These parameters determine the score of an alignment. They include
substitution scores and gap penalties. These are distinct from
heuristic parameters, which
control fast but approximate methods for finding the alignment with
the highest score. Ideally, changing heuristic parameters would not
change the reported alignment (because the best alignment would
always be found).

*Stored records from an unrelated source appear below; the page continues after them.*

lemma rank2_le_imp_col_expansion:
  assumes A: "A \<in> mats m n" and r: "rank2 m A \<le> r"
  shows "\<exists>J\<subseteq>{..<n}. card J \<le> r \<and> A \<in> col_expansion m n J ` col_expansion_data m n J"
proof -
  let ?c = "col_vec m A"
  have Ac: "A \<in> carrier_mat m n" using A by (simp add: mats_def)
  obtain J where J: "J \<subseteq> {..<n}" "inj_on ?c J" "indep_F2 (?c ` J)"
    and rep: "\<And>j. j < n \<Longrightarrow> \<exists>I. I \<subseteq> J \<and> ?c j = (\<Sum>t\<in>I. ?c t)"
    using exists_col_basis[where n = n and m = m and A = A] by blast
  define pick where "pick j = (SOME I. I \<subseteq> J \<and> ?c j = (\<Sum>t\<in>I. ?c t))" for j
  define g where "g = restrict pick ({..<n} - J)"
  have g: "g j \<subseteq> J" "?c j = (\<Sum>t\<in>g j. ?c t)" if "j \<in> {..<n} - J" for j
    using that someI_ex[OF rep[of j]] unfolding g_def pick_def by auto
  have "restrict ?c J \<in> PiE J (\<lambda>_. vecs_F2 m)"
    by (simp add: restrict_PiE_iff col_vec_in_vecs_F2)
  moreover have "g \<in> PiE ({..<n} - J) (\<lambda>_. Pow J)"
    unfolding PiE_iff using g(1) by (simp add: g_def)
  ultimately have data: "(restrict ?c J, g) \<in> col_expansion_data m n J"
    unfolding col_expansion_data_def by simp
  have expansion: "col_expansion m n J (restrict ?c J, g) = A"
  proof (rule eq_matI)
    fix i j assume "i < dim_row A" "j < dim_col A"
    then have i: "i < m" and j: "j < n" using Ac by auto
    show "col_expansion m n J (restrict ?c J, g) $$ (i, j) = A $$ (i, j)"
    proof (cases "j \<in> J")
      case False
      then have "col_expansion m n J (restrict ?c J, g) $$ (i, j) = (\<Sum>t\<in>g j. ?c t i)"
        using i j g(1)[of j] by (auto simp: col_expansion_def intro!: sum.cong)
      also have "\<dots> = ?c j i" using g(2)[of j] j False by (simp add: sum_fun_apply)
      also have "\<dots> = A $$ (i, j)" using i by (simp add: col_vec_def)
      finally show ?thesis .
    qed (use i j in \<open>simp add: col_expansion_def col_vec_def\<close>)
  qed (use Ac in \<open>auto simp: col_expansion_def\<close>)
  have "A \<in> col_expansion m n J ` col_expansion_data m n J"
    by (rule rev_image_eqI[where f = "col_expansion m n J", OF data expansion[symmetric]])
  moreover have "card J \<le> r"
    using card_le_rank2_if_indep_F2_cols[OF Ac J] r by simp
  ultimately show ?thesis using J(1) by blast
qed

abbreviation low_rank :: "nat \<Rightarrow> nat \<Rightarrow> nat \<Rightarrow> bit mat set" where
  "low_rank m n r \<equiv> {A\<in>mats m n. rank2 m A \<le> r}"

lemma rank_count_exponent_mono:
  fixes d r m n :: nat
  assumes "d \<le> r" "r \<le> n" "n \<le> m"
  shows "m * d + d * (n - d) \<le> r * (m + n - r)"
proof -
  obtain a where "r = d + a" using assms(1) le_Suc_ex by blast
  moreover obtain b where "n = r + b" using assms(2) le_Suc_ex by blast
  moreover obtain c where "m = n + c" using assms(3) le_Suc_ex by blast
  ultimately have "r * (m + n - r) = (m * d + d * (n - d)) + (a * a + 2 * a * b + a * c)"
    by (simp add: algebra_simps)
  then show ?thesis by simp
qed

By contrast, changing alignment scoring
parameters will tend to change the alignment, e.g. increasing gap
penalties will reduce the number of gaps. All scoring parameters
are floating-point values and may be specified as integers or real
numbers.
If local alignment parameters are changed,
then the Karlin-Altschul K and
Lambda parameters must also be changed in order to get correct
E-values.
Option |
Local/Global
Protein/Nucleotide |
Default |
Description |
‑lopen |
L PN |
10.0 |
Local gap open |
‑lext |
L PN |
1.0 |
Local gap extend |
‑match |
L N |
+1.0 |
Match score |
‑mismatch |
L N |
-2.0 |
Mismatch score |
‑matrix filename |
LG PN |
BLOSUM62 (aa)
+1/-2 (nt) |
Substitution matrix in NCBI BLAST format. See BLOSUM62 for an example. |
Gap penalties for global
alignments With global alignments, gap penalties are
specified using the ‑gapopen and ‑gapext options. Up to 12 separate
penalties can be specified: all combinations of query / target,
left / interior / terminal, and open / extend can be assigned
different penalties.
Default penalties are shown
in the following table.
Penalty |
|
Default |
Interior gap open |
|
10.0 nucleotides, 17.0 proteins |
End gap open |
|
1.0 |
Interior gap extend |
|
1.0 |
End gap extend |
|
0.5 |
The nucleotide defaults would
be set using these options:
-gapopen 10.0I/1.0E
-gapext 1.0I/0.5E
A numerical value for a penalty is optionally followed by one or
more letters that specify particular types of gap. Here, "10.0I"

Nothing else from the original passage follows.